### WHAT THE TASK REQUIRES
Could you set down exactly the lines of the data below, starting at the one that holds "4 exp (\<alpha>" and ending at the one that holds "to the boundary.", both included, and only those?

** Opening EXTRACTED DATA block **

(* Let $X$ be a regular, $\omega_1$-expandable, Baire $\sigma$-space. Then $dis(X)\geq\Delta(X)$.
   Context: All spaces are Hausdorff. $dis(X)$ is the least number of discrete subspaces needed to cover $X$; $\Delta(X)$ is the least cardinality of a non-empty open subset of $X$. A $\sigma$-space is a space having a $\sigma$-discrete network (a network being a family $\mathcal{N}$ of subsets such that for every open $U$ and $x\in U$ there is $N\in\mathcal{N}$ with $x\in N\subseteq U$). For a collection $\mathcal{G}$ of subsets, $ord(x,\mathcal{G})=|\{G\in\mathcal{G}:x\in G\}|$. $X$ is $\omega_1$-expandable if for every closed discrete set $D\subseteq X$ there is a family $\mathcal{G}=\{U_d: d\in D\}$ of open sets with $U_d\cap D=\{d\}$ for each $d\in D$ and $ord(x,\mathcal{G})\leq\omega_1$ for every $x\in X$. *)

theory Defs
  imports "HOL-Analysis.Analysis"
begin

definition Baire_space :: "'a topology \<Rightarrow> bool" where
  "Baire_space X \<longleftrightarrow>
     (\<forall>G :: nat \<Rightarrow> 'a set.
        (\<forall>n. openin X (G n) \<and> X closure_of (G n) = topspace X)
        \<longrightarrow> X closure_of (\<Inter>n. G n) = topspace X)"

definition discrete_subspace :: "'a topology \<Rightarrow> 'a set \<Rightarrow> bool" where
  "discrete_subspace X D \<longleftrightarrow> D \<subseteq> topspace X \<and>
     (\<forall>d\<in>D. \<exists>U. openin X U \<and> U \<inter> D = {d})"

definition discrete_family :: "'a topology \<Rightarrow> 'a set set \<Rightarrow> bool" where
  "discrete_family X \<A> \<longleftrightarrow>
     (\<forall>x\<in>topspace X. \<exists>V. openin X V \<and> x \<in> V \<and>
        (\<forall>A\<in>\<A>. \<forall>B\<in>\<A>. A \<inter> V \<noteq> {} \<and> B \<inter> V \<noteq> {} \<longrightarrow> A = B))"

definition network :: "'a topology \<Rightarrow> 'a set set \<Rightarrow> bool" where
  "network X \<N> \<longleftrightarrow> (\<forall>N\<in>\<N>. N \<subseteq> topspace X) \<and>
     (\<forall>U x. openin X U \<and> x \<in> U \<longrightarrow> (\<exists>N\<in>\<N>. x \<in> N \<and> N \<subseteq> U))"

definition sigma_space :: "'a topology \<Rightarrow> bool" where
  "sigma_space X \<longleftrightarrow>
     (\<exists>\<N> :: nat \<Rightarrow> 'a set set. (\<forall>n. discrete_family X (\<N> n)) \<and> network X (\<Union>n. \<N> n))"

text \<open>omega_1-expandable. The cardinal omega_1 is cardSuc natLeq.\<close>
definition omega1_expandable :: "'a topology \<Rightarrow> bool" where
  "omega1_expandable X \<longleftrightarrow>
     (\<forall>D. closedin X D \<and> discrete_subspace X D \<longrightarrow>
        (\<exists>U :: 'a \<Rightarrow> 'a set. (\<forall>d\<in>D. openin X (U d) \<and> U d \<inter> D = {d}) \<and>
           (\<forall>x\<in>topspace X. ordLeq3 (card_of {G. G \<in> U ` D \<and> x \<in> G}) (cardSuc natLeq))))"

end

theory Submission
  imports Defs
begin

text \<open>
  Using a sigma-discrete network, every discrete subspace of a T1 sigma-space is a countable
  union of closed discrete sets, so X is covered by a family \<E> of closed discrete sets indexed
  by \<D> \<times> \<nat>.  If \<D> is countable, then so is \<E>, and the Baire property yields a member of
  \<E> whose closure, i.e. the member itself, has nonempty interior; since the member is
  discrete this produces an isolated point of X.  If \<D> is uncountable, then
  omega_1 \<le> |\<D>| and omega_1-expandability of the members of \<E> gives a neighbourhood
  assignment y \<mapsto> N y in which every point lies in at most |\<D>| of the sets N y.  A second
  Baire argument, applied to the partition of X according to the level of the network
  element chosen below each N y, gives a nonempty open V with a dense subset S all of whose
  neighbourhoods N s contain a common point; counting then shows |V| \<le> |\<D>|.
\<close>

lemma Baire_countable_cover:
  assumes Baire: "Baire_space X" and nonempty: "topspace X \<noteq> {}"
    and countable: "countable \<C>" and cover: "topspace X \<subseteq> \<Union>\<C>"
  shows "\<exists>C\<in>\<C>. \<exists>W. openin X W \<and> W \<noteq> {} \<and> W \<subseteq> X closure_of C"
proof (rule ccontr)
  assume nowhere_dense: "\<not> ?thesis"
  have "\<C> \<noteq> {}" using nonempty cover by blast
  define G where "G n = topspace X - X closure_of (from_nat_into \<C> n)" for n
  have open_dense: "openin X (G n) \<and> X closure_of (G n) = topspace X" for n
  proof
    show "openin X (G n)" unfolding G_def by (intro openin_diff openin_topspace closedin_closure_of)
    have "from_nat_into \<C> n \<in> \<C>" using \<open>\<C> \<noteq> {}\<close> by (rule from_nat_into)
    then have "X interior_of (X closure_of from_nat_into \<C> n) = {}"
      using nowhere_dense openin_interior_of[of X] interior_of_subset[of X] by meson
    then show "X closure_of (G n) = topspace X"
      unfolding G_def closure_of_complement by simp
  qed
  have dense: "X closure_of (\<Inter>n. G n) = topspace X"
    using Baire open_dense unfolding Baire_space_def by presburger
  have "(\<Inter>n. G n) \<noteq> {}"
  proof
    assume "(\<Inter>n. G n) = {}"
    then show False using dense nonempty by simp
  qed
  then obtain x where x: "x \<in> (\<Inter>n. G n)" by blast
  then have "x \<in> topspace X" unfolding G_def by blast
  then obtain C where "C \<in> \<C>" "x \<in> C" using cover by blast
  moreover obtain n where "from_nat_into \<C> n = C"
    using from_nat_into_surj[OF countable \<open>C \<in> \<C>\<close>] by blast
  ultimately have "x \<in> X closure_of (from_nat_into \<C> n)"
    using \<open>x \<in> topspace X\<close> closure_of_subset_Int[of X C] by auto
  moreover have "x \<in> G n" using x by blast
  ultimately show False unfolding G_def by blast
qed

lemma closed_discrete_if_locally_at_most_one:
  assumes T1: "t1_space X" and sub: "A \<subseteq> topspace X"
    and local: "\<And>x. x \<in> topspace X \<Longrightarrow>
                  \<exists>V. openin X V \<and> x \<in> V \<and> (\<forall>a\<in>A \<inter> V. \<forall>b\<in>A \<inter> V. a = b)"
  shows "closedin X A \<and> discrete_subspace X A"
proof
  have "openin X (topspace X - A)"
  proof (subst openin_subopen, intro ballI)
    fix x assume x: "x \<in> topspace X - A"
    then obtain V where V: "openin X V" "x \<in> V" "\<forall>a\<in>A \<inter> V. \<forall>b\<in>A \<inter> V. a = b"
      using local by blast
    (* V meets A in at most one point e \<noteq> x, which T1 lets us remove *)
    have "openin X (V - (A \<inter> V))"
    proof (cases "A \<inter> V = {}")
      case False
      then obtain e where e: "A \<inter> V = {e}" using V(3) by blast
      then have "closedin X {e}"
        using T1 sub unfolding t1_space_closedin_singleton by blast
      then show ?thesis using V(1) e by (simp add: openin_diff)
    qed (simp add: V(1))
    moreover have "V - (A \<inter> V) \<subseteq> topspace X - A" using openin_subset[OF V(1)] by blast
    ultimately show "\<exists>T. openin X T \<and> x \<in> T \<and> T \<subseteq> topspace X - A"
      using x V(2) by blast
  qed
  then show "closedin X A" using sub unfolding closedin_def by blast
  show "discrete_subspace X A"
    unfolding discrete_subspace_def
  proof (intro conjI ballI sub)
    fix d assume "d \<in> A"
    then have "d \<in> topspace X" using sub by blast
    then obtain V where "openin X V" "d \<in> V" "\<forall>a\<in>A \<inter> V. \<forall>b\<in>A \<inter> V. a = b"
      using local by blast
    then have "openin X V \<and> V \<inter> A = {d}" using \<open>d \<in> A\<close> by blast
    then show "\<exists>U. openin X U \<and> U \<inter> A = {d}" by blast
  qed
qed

** Closing EXTRACTED DATA block **
** Opening EXTRACTED DATA block **

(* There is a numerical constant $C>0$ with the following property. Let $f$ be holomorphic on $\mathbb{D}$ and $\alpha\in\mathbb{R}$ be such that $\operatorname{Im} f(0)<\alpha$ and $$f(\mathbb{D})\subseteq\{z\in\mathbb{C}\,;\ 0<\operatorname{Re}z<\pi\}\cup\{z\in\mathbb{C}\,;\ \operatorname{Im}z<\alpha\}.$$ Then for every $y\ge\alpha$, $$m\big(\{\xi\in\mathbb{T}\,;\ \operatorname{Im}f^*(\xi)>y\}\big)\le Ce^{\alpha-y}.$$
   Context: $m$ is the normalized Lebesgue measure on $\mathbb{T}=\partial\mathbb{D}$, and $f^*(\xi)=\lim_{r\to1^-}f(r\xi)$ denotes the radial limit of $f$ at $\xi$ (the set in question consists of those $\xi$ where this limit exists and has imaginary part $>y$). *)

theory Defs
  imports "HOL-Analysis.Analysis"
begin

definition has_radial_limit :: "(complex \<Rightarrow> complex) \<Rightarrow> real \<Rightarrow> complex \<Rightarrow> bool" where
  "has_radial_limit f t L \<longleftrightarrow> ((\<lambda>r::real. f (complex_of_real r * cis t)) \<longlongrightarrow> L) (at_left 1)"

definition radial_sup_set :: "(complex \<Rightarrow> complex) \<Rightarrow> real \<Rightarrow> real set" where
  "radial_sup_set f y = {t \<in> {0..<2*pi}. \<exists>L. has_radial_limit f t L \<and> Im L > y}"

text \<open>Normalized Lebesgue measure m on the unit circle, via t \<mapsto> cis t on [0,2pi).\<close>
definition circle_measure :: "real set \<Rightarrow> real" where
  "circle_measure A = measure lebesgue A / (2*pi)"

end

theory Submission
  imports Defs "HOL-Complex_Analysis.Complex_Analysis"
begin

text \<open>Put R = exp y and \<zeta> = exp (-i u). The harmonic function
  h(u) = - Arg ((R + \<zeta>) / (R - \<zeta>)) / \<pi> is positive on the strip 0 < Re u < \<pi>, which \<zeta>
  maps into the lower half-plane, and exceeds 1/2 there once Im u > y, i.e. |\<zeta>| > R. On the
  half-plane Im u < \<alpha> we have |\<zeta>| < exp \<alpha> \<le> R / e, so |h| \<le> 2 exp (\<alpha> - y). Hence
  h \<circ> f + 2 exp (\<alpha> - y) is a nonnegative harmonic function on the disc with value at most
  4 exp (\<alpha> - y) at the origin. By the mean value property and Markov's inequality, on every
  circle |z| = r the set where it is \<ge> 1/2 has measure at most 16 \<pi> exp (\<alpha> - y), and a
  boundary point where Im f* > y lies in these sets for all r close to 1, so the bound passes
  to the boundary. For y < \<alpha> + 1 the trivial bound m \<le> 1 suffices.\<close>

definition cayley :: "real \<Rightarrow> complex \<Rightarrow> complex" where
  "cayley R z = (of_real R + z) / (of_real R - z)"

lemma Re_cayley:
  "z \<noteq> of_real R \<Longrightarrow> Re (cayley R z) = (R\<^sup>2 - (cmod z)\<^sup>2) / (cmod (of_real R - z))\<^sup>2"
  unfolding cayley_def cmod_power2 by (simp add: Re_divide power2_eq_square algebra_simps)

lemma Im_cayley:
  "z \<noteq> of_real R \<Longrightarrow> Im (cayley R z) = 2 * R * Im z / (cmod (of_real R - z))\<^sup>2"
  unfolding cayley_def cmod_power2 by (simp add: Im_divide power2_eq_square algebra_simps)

** Closing EXTRACTED DATA block **

### TASK RESPONSE
  4 exp (\<alpha> - y) at the origin. By the mean value property and Markov's inequality, on every
  circle |z| = r the set where it is \<ge> 1/2 has measure at most 16 \<pi> exp (\<alpha> - y), and a
  boundary point where Im f* > y lies in these sets for all r close to 1, so the bound passes
  to the boundary. For y < \<alpha> + 1 the trivial bound m \<le> 1 suffices.\<close>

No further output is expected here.